--- Records for the exercise Enclosed Below ---

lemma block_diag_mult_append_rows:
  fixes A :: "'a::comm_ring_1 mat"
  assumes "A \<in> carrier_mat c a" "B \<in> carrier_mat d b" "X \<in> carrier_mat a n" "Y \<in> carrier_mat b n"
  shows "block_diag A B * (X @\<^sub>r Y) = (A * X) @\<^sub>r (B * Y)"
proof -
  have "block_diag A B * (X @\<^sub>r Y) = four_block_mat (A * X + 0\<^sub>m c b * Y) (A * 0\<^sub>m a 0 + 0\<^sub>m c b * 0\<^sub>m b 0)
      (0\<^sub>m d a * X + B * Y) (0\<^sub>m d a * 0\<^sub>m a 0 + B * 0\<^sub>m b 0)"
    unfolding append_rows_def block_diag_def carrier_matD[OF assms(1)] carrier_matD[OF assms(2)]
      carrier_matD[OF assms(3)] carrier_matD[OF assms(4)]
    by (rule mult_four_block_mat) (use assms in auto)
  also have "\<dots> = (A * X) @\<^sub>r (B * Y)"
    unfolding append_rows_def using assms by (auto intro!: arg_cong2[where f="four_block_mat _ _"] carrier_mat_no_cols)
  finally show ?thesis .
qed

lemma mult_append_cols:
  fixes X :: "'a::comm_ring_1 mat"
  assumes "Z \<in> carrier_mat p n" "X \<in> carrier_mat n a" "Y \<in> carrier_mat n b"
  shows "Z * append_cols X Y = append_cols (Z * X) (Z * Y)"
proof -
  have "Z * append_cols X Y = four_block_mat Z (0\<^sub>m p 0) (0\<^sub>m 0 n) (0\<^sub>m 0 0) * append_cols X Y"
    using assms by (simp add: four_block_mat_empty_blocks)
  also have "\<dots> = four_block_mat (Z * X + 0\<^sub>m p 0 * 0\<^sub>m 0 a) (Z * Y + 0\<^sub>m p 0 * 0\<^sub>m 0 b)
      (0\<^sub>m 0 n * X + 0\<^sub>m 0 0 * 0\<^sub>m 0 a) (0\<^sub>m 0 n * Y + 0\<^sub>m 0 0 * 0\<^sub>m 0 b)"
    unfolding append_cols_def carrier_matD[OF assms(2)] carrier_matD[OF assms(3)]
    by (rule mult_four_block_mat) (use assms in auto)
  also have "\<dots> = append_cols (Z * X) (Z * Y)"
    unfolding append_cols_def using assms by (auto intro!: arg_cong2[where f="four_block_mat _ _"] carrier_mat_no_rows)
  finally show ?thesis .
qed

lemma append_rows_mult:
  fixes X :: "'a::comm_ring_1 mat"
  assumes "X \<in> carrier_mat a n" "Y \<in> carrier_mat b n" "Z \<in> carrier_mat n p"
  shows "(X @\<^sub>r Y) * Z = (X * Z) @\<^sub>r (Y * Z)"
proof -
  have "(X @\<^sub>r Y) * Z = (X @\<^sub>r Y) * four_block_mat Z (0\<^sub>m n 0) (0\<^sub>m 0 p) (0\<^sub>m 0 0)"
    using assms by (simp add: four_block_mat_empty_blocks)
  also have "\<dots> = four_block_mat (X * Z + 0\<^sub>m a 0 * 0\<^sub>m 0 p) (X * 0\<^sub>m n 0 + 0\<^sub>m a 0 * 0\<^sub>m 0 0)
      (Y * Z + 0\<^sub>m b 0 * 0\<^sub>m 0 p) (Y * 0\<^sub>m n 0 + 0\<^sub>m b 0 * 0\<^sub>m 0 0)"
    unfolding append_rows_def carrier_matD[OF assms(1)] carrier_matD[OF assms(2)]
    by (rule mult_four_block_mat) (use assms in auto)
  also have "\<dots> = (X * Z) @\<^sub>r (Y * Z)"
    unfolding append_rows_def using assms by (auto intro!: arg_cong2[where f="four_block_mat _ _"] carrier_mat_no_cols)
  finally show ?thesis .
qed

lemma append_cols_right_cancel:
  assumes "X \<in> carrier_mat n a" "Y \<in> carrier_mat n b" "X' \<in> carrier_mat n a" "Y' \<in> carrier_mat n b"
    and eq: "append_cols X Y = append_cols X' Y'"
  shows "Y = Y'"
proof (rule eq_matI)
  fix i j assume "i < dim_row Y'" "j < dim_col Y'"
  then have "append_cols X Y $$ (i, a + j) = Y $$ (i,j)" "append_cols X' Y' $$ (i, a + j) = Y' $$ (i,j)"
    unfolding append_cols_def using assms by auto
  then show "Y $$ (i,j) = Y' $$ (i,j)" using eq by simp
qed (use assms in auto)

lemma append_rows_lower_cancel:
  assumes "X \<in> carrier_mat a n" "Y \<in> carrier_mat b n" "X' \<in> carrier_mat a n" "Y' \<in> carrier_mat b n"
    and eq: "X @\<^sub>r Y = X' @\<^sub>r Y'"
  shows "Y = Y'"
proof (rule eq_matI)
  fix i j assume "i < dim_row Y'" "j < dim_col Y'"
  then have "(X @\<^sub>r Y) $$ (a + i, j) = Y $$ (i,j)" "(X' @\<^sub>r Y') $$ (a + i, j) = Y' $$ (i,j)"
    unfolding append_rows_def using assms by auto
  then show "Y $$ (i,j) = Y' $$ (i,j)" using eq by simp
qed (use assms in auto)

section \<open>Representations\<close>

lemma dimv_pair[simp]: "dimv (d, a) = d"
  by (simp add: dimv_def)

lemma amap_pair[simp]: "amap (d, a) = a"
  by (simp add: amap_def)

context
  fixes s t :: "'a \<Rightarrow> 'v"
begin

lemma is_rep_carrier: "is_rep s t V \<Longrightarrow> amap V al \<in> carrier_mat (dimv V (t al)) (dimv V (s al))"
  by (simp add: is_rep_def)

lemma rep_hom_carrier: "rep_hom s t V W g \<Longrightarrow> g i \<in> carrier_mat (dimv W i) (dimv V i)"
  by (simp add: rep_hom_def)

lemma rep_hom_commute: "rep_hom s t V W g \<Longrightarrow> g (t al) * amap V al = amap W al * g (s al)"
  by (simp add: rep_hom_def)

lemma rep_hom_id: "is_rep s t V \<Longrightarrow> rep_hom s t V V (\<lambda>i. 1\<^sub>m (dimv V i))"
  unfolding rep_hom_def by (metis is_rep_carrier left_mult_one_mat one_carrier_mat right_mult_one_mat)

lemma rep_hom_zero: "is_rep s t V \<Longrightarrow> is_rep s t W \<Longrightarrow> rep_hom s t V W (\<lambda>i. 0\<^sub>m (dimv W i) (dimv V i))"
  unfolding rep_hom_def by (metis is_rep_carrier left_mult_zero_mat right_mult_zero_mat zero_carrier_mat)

--- End of Enclosed Records for the exercise ---

#### What is expected:
The answer is the full data, repeated exactly as shown.

#### Expected output:
lemma block_diag_mult_append_rows:
  fixes A :: "'a::comm_ring_1 mat"
  assumes "A \<in> carrier_mat c a" "B \<in> carrier_mat d b" "X \<in> carrier_mat a n" "Y \<in> carrier_mat b n"
  shows "block_diag A B * (X @\<^sub>r Y) = (A * X) @\<^sub>r (B * Y)"
proof -
  have "block_diag A B * (X @\<^sub>r Y) = four_block_mat (A * X + 0\<^sub>m c b * Y) (A * 0\<^sub>m a 0 + 0\<^sub>m c b * 0\<^sub>m b 0)
      (0\<^sub>m d a * X + B * Y) (0\<^sub>m d a * 0\<^sub>m a 0 + B * 0\<^sub>m b 0)"
    unfolding append_rows_def block_diag_def carrier_matD[OF assms(1)] carrier_matD[OF assms(2)]
      carrier_matD[OF assms(3)] carrier_matD[OF assms(4)]
    by (rule mult_four_block_mat) (use assms in auto)
  also have "\<dots> = (A * X) @\<^sub>r (B * Y)"
    unfolding append_rows_def using assms by (auto intro!: arg_cong2[where f="four_block_mat _ _"] carrier_mat_no_cols)
  finally show ?thesis .
qed

lemma mult_append_cols:
  fixes X :: "'a::comm_ring_1 mat"
  assumes "Z \<in> carrier_mat p n" "X \<in> carrier_mat n a" "Y \<in> carrier_mat n b"
  shows "Z * append_cols X Y = append_cols (Z * X) (Z * Y)"
proof -
  have "Z * append_cols X Y = four_block_mat Z (0\<^sub>m p 0) (0\<^sub>m 0 n) (0\<^sub>m 0 0) * append_cols X Y"
    using assms by (simp add: four_block_mat_empty_blocks)
  also have "\<dots> = four_block_mat (Z * X + 0\<^sub>m p 0 * 0\<^sub>m 0 a) (Z * Y + 0\<^sub>m p 0 * 0\<^sub>m 0 b)
      (0\<^sub>m 0 n * X + 0\<^sub>m 0 0 * 0\<^sub>m 0 a) (0\<^sub>m 0 n * Y + 0\<^sub>m 0 0 * 0\<^sub>m 0 b)"
    unfolding append_cols_def carrier_matD[OF assms(2)] carrier_matD[OF assms(3)]
    by (rule mult_four_block_mat) (use assms in auto)
  also have "\<dots> = append_cols (Z * X) (Z * Y)"
    unfolding append_cols_def using assms by (auto intro!: arg_cong2[where f="four_block_mat _ _"] carrier_mat_no_rows)
  finally show ?thesis .
qed

lemma append_rows_mult:
  fixes X :: "'a::comm_ring_1 mat"
  assumes "X \<in> carrier_mat a n" "Y \<in> carrier_mat b n" "Z \<in> carrier_mat n p"
  shows "(X @\<^sub>r Y) * Z = (X * Z) @\<^sub>r (Y * Z)"
proof -
  have "(X @\<^sub>r Y) * Z = (X @\<^sub>r Y) * four_block_mat Z (0\<^sub>m n 0) (0\<^sub>m 0 p) (0\<^sub>m 0 0)"
    using assms by (simp add: four_block_mat_empty_blocks)
  also have "\<dots> = four_block_mat (X * Z + 0\<^sub>m a 0 * 0\<^sub>m 0 p) (X * 0\<^sub>m n 0 + 0\<^sub>m a 0 * 0\<^sub>m 0 0)
      (Y * Z + 0\<^sub>m b 0 * 0\<^sub>m 0 p) (Y * 0\<^sub>m n 0 + 0\<^sub>m b 0 * 0\<^sub>m 0 0)"
    unfolding append_rows_def carrier_matD[OF assms(1)] carrier_matD[OF assms(2)]
    by (rule mult_four_block_mat) (use assms in auto)
  also have "\<dots> = (X * Z) @\<^sub>r (Y * Z)"
    unfolding append_rows_def using assms by (auto intro!: arg_cong2[where f="four_block_mat _ _"] carrier_mat_no_cols)
  finally show ?thesis .
qed

lemma append_cols_right_cancel:
  assumes "X \<in> carrier_mat n a" "Y \<in> carrier_mat n b" "X' \<in> carrier_mat n a" "Y' \<in> carrier_mat n b"
    and eq: "append_cols X Y = append_cols X' Y'"
  shows "Y = Y'"
proof (rule eq_matI)
  fix i j assume "i < dim_row Y'" "j < dim_col Y'"
  then have "append_cols X Y $$ (i, a + j) = Y $$ (i,j)" "append_cols X' Y' $$ (i, a + j) = Y' $$ (i,j)"
    unfolding append_cols_def using assms by auto
  then show "Y $$ (i,j) = Y' $$ (i,j)" using eq by simp
qed (use assms in auto)

lemma append_rows_lower_cancel:
  assumes "X \<in> carrier_mat a n" "Y \<in> carrier_mat b n" "X' \<in> carrier_mat a n" "Y' \<in> carrier_mat b n"
    and eq: "X @\<^sub>r Y = X' @\<^sub>r Y'"
  shows "Y = Y'"
proof (rule eq_matI)
  fix i j assume "i < dim_row Y'" "j < dim_col Y'"
  then have "(X @\<^sub>r Y) $$ (a + i, j) = Y $$ (i,j)" "(X' @\<^sub>r Y') $$ (a + i, j) = Y' $$ (i,j)"
    unfolding append_rows_def using assms by auto
  then show "Y $$ (i,j) = Y' $$ (i,j)" using eq by simp
qed (use assms in auto)

section \<open>Representations\<close>

lemma dimv_pair[simp]: "dimv (d, a) = d"
  by (simp add: dimv_def)

lemma amap_pair[simp]: "amap (d, a) = a"
  by (simp add: amap_def)

context
  fixes s t :: "'a \<Rightarrow> 'v"
begin

lemma is_rep_carrier: "is_rep s t V \<Longrightarrow> amap V al \<in> carrier_mat (dimv V (t al)) (dimv V (s al))"
  by (simp add: is_rep_def)

lemma rep_hom_carrier: "rep_hom s t V W g \<Longrightarrow> g i \<in> carrier_mat (dimv W i) (dimv V i)"
  by (simp add: rep_hom_def)

lemma rep_hom_commute: "rep_hom s t V W g \<Longrightarrow> g (t al) * amap V al = amap W al * g (s al)"
  by (simp add: rep_hom_def)

lemma rep_hom_id: "is_rep s t V \<Longrightarrow> rep_hom s t V V (\<lambda>i. 1\<^sub>m (dimv V i))"
  unfolding rep_hom_def by (metis is_rep_carrier left_mult_one_mat one_carrier_mat right_mult_one_mat)

lemma rep_hom_zero: "is_rep s t V \<Longrightarrow> is_rep s t W \<Longrightarrow> rep_hom s t V W (\<lambda>i. 0\<^sub>m (dimv W i) (dimv V i))"
  unfolding rep_hom_def by (metis is_rep_carrier left_mult_zero_mat right_mult_zero_mat zero_carrier_mat)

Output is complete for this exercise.